= Ursula Levy =

American author and child psychologist

Ursula Levy (born May 11, 1935 - August 2019) was an American author, child psychologist and Holocaust survivor. Her research on childhood depression was published in the Journal of School Health. She has been published in a number of other medical journals such as the Journal of Nursing Education. Her memoirs of her childhood entitled The Incredible Years were published in 1994 to commemorate the 50th anniversary of the liberation of the Netherlands from Nazi Germany.

== Early life ==
Levy was born in Osnabrück, Germany to Max and Lucia Levy. Her father and uncle were arrested and later imprisoned in Sachsenhausen concentration camp. Both men were eventually released in poor health and died in early 1939. Events of World War II were further unfolding in Germany; with the help of a family member living in the United States, Levy was sent along with her brother George to the Netherlands, specifically a children's home at a convent in Eersel, where they were baptized Catholic. Joseph Von Macklenbergh, a leader of a Catholic organization in the Netherlands informed Nazi officials upon inspection that the Levy siblings had one American parent, and this lie may have possibly helped them survive.

The Nazis invaded the Netherlands in May 1940. After reviewing the Convent's records, the Nazis deported Levy, her brother, and other Jewish children in hiding to Vught concentration camp in April 1943. On several occasions, the siblings avoided a transfer to Auschwitz again with the help of Von Macklenbergh. Instead, they were both sent to Bergen-Belsen concentration camp. In her memoirs, Levy writes that an assignment to Auschwitz would have been a death sentence, but being sent to Bergen-Belsen would mean that she and her brother may have hope for survival. In April 1945, some prisoners including Levy and her brother were forced on a train that circled the camp for thirteen days until they were liberated by Soviet soldiers near Tröbitz, Germany. Shortly after being liberated, the Levys were sent to the United States in 1947, where they settled with family members in Chicago.

== Scholarly work ==

Levy earned a bachelor of science degree in nursing, along with a teaching certificate, which would allow her to work as a school nurse. While employed by Chicago Public Schools, she would go on to earn a master of science degree in psychiatric nursing from the University of Illinois at Urbana–Champaign. She found a niche in clinical experiences in individual, group, and family therapy. "Not only was I expected to interpret the client's responses but I had to analyze my own inner reactions, and suggest ways to improve the therapeutic process," Levy writes in her memoirs. She references Jewish philosopher Martin Buber as a major influence on her work, naming the inner dialogue she had to impose to bring herself to peace with her upbringing.

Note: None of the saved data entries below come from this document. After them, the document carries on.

(* Let $\sigma$ and $\tau$ be possibly empty connected non-crossing partitions. Then $1[\sigma]1[\tau]$ and $1[\tau]1[\sigma]$ are nc-equivalent, i.e. for every $n\ge0$ the number of partitions of $[n]$ avoiding both $1212$ and $1[\sigma]1[\tau]$ equals the number avoiding both $1212$ and $1[\tau]1[\sigma]$.
   Context: Set partitions are written in canonical sequential form (restricted growth words). Pattern containment means having a subsequence order-isomorphic to the pattern; a partition is non-crossing if it avoids $1212$. Bracket notation: in a word built from letters and bracketed partitions, $[\sigma]$ stands for $\sigma+r$ (add $r$ to every letter), where $r$ is the number of distinct symbols appearing before it (e.g. $1[12]1[1]=12314$; for empty $\sigma$, $1[\sigma]1[\tau]=11[\tau]$). $\alpha[\beta]$ is $\alpha$ followed by $\beta$ shifted by the number of blocks of $\alpha$; a partition is connected if it cannot be written as $\alpha[\beta]$ with $\alpha,\beta$ nonempty. *)

theory Defs
  imports Main "HOL-Library.Sublist"
begin

text \<open>Set partitions of [n] in canonical sequential form (restricted growth words):
  letters are positive, the first letter is 1, and each letter is at most one more
  than the maximum of the preceding letters.\<close>
definition rgs :: "nat list \<Rightarrow> bool" where
  "rgs w \<longleftrightarrow> (\<forall>i < length w. 1 \<le> w ! i \<and> w ! i \<le> Suc (Max (insert 0 (set (take i w)))))"

definition nblocks :: "nat list \<Rightarrow> nat" where
  "nblocks w = card (set w)"

definition shift :: "nat \<Rightarrow> nat list \<Rightarrow> nat list" where
  "shift r w = map (\<lambda>x. x + r) w"

definition bconcat :: "nat list \<Rightarrow> nat list \<Rightarrow> nat list" where
  "bconcat a b = a @ shift (nblocks a) b"

definition one_br_one_br :: "nat list \<Rightarrow> nat list \<Rightarrow> nat list" where
  "one_br_one_br s t = [1] @ shift 1 s @ [1] @ shift (1 + nblocks s) t"

definition order_iso :: "nat list \<Rightarrow> nat list \<Rightarrow> bool" where
  "order_iso u v \<longleftrightarrow> length u = length v \<and>
     (\<forall>i < length u. \<forall>j < length u. (u ! i \<le> u ! j) = (v ! i \<le> v ! j))"

definition contains :: "nat list \<Rightarrow> nat list \<Rightarrow> bool" where
  "contains w p \<longleftrightarrow> (\<exists>s. subseq s w \<and> order_iso s p)"

definition avoids :: "nat list \<Rightarrow> nat list \<Rightarrow> bool" where
  "avoids w p \<longleftrightarrow> \<not> contains w p"

definition noncrossing :: "nat list \<Rightarrow> bool" where
  "noncrossing w \<longleftrightarrow> avoids w [1,2,1,2]"

definition connected_part :: "nat list \<Rightarrow> bool" where
  "connected_part w \<longleftrightarrow> w \<noteq> [] \<and>
     \<not> (\<exists>a b. rgs a \<and> rgs b \<and> a \<noteq> [] \<and> b \<noteq> [] \<and> w = bconcat a b)"

definition nc_count :: "nat list \<Rightarrow> nat \<Rightarrow> nat" where
  "nc_count p n = card {w. rgs w \<and> length w = n \<and> avoids w [1,2,1,2] \<and> avoids w p}"

end

theory Submission
  imports Defs "HOL-Computational_Algebra.Formal_Power_Series"
begin

text \<open>Every nonempty non-crossing partition \<open>v\<close> factors uniquely as \<open>v = arc_join u w\<close>, where
  \<open>u\<close> is the partition nested under the first arc of block 1 and \<open>w\<close> is what remains once that
  arc is contracted. For connected \<open>\<sigma>\<close> and \<open>\<tau>\<close>, an occurrence of \<open>1[\<sigma>]1[\<tau>]\<close> in \<open>arc_join u w\<close>
  lies in \<open>u\<close>, lies in \<open>w\<close>, or takes \<open>\<sigma>\<close> from \<open>u\<close> and \<open>\<tau>\<close> from \<open>w\<close> minus its first block.
  For the generating functions \<open>V\<close>, \<open>A\<close>, \<open>B\<close> of non-crossing partitions avoiding \<open>1[\<sigma>]1[\<tau>]\<close>,
  \<open>\<sigma>\<close>, \<open>\<tau>\<close>, and \<open>W\<close> of the nonempty ones avoiding \<open>1[\<sigma>]1[\<tau>]\<close> that also avoid \<open>\<tau>\<close> after
  deleting their first block, this gives \<open>V = 1 + x (V + A (V - 1) + (V - A) W)\<close> and
  \<open>W = x B (1 + W)\<close>. Eliminating \<open>W\<close> yields \<open>V (1 - x - x A - x B + x\<^sup>2 A B) = 1 - x A - x B\<close>,
  which is symmetric in \<open>\<sigma>\<close> and \<open>\<tau>\<close>.\<close>

unbundle fps_syntax

section \<open>Order isomorphism and pattern containment\<close>

lemma order_iso_iff_map:
  "order_iso s p \<longleftrightarrow> (\<exists>g. strict_mono_on (set p) g \<and> s = map g p)"
proof
  assume "\<exists>g. strict_mono_on (set p) g \<and> s = map g p"
  then obtain g where "strict_mono_on (set p) g" "s = map g p" by blast
  then show "order_iso s p"
    by (auto simp: order_iso_def strict_mono_on_less_eq)
next
  assume iso: "order_iso s p"
  then have len: "length s = length p" by (simp add: order_iso_def)
  define g where "g v = s ! (SOME i. i < length p \<and> p ! i = v)" for v
  have g_nth: "g (p ! k) = s ! k" if "k < length p" for k
  proof -
    define i where "i = (SOME i. i < length p \<and> p ! i = p ! k)"
    have "\<exists>i. i < length p \<and> p ! i = p ! k" using that by blast
    from someI_ex[OF this] have i: "i < length p" "p ! i = p ! k" by (auto simp: i_def)
    have "s ! i \<le> s ! k" "s ! k \<le> s ! i" using iso i that len by (auto simp: order_iso_def)
    then show ?thesis by (simp add: g_def i_def[symmetric])
  qed
  have "s = map g p" using len g_nth by (simp add: list_eq_iff_nth_eq)
  moreover have "strict_mono_on (set p) g"
  proof (rule strict_mono_onI)
    fix a b assume "a \<in> set p" "b \<in> set p" "a < b"
    then obtain i j where ij: "i < length p" "j < length p" "p ! i = a" "p ! j = b"
      by (auto simp: in_set_conv_nth)
    then have "\<not> s ! j \<le> s ! i" using iso \<open>a < b\<close> len by (auto simp: order_iso_def)
    then show "g a < g b" using g_nth ij by auto
  qed
  ultimately show "\<exists>g. strict_mono_on (set p) g \<and> s = map g p" by blast
qed

lemma order_iso_map: "strict_mono_on (set p) g \<Longrightarrow> order_iso (map g p) p"
  by (auto simp: order_iso_iff_map)

lemma order_iso_map_left_iff:
  assumes "strict_mono_on A g" "set x \<subseteq> A"
  shows "order_iso (map g x) q \<longleftrightarrow> order_iso x q"
proof -
  have "(g (x ! i) \<le> g (x ! j)) = (x ! i \<le> x ! j)" if "i < length x" "j < length x" for i j
    using assms that by (intro strict_mono_on_less_eq) (auto dest: nth_mem)
  then show ?thesis unfolding order_iso_def by auto
qed

lemma set_subseq: "subseq xs ys \<Longrightarrow> set xs \<subseteq> set ys"
  by (induct rule: list_emb.induct) auto

lemma contains_refl: "contains p p"
  by (auto simp: contains_def order_iso_def)

lemma contains_subseq: "subseq x w \<Longrightarrow> contains x p \<Longrightarrow> contains w p"
  by (auto simp: contains_def intro: subseq_order.order_trans)

lemma contains_map_iff:
  assumes "strict_mono_on (set w) g"
  shows "contains (map g w) p \<longleftrightarrow> contains w p"
proof
  assume "contains (map g w) p"
  then obtain s where s: "subseq s (map g w)" "order_iso s p" by (auto simp: contains_def)
  then obtain z where z: "s = map g z" "subseq z w"
    by (metis nths_map subseq_conv_nths)
  have "set z \<subseteq> set w" using z(2) by (rule set_subseq)
  then have "order_iso z p" using s z order_iso_map_left_iff[OF assms] by simp
  then show "contains w p" using z unfolding contains_def by blast
next
  assume "contains w p"
  then obtain z where z: "subseq z w" "order_iso z p" by (auto simp: contains_def)
  have "set z \<subseteq> set w" using z(1) by (rule set_subseq)
  then have "order_iso (map g z) p" using z order_iso_map_left_iff[OF assms] by simp
  moreover have "subseq (map g z) (map g w)" using z(1) by (rule subseq_map)
  ultimately show "contains (map g w) p" unfolding contains_def by blast
qed

lemma contains_shift_iff [simp]: "contains (shift k w) p \<longleftrightarrow> contains w p"
proof -
  have "strict_mono_on (set w) (\<lambda>x. x + k)" by (rule strict_mono_onI) simp
  then show ?thesis unfolding shift_def by (rule contains_map_iff)
qed

lemma contains_trans: "contains w p \<Longrightarrow> contains p q \<Longrightarrow> contains w q"
proof -
  assume "contains w p" "contains p q"
  then obtain s t where s: "subseq s w" "order_iso s p" and t: "subseq t p" "order_iso t q"
    by (auto simp: contains_def)
  obtain g where g: "strict_mono_on (set p) g" "s = map g p"
    using s(2) order_iso_iff_map by blast
  have "set t \<subseteq> set p" using t(1) by (rule set_subseq)
  then have "order_iso (map g t) q" using order_iso_map_left_iff[OF g(1)] t(2) by simp
  moreover have "subseq (map g t) s" using subseq_map[OF t(1), of g] g(2) by simp
  then have "subseq (map g t) w" using s(1) by (rule subseq_order.order_trans)
  ultimately show ?thesis unfolding contains_def by blast
qed

lemma contains_Nil_right [simp]: "contains w []"
  by (auto simp: contains_def order_iso_def intro!: exI[of _ "[]"])

lemma contains_Nil_iff: "contains [] p \<longleftrightarrow> p = []"
  by (auto simp: contains_def order_iso_def dest: list_emb_Nil2)

lemma order_iso_1212_iff:
  "order_iso s [1, 2, 1, 2] \<longleftrightarrow> (\<exists>a b :: nat. s = [a, b, a, b] \<and> a < b)"
proof
  assume "order_iso s [1, 2, 1, 2]"
  then obtain g where g: "strict_mono_on (set [1, 2, 1, 2 :: nat]) g" "s = map g [1, 2, 1, 2]"
    using order_iso_iff_map by blast
  have "g 1 < g 2" using g(1) by (simp add: strict_mono_onD)
  then show "\<exists>a b. s = [a, b, a, b] \<and> a < b" using g(2) by auto
next
  assume "\<exists>a b :: nat. s = [a, b, a, b] \<and> a < b"
  then obtain a b :: nat where ab: "s = [a, b, a, b]" "a < b" by blast
  have "strict_mono_on (set [1, 2, 1, 2 :: nat]) (\<lambda>v. if v = 1 then a else b)"
    using ab(2) by (auto intro!: strict_mono_onI)
  from order_iso_map[OF this] show "order_iso s [1, 2, 1, 2]" using ab(1) by simp
qed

Her first scholarly article, "Parent and Teacher Perception of Depression in Children" was published in November 1985. Levy's study correlated depression in children with parental perceptions and with teacher report card ratings of school achievement and adjustment. She interviewed two hundred and twenty children age six to twelve years using the Children's Depression Rating Scale. The study found that depressed students achieved at grade level in reading and math, but received lower grades for effort than nondepressed students.

== Present day ==
In 2005, Levy wrote and published a book titled The Spirit Builder, a biography of Dorothy Becker, a woman who organized a group of German-Jewish refugees to establish a retirement home in post-war Chicago. After her retirement from Chicago Public Schools in the late 1990s, Levy continues to volunteer at the SelfHelp Home in Chicago.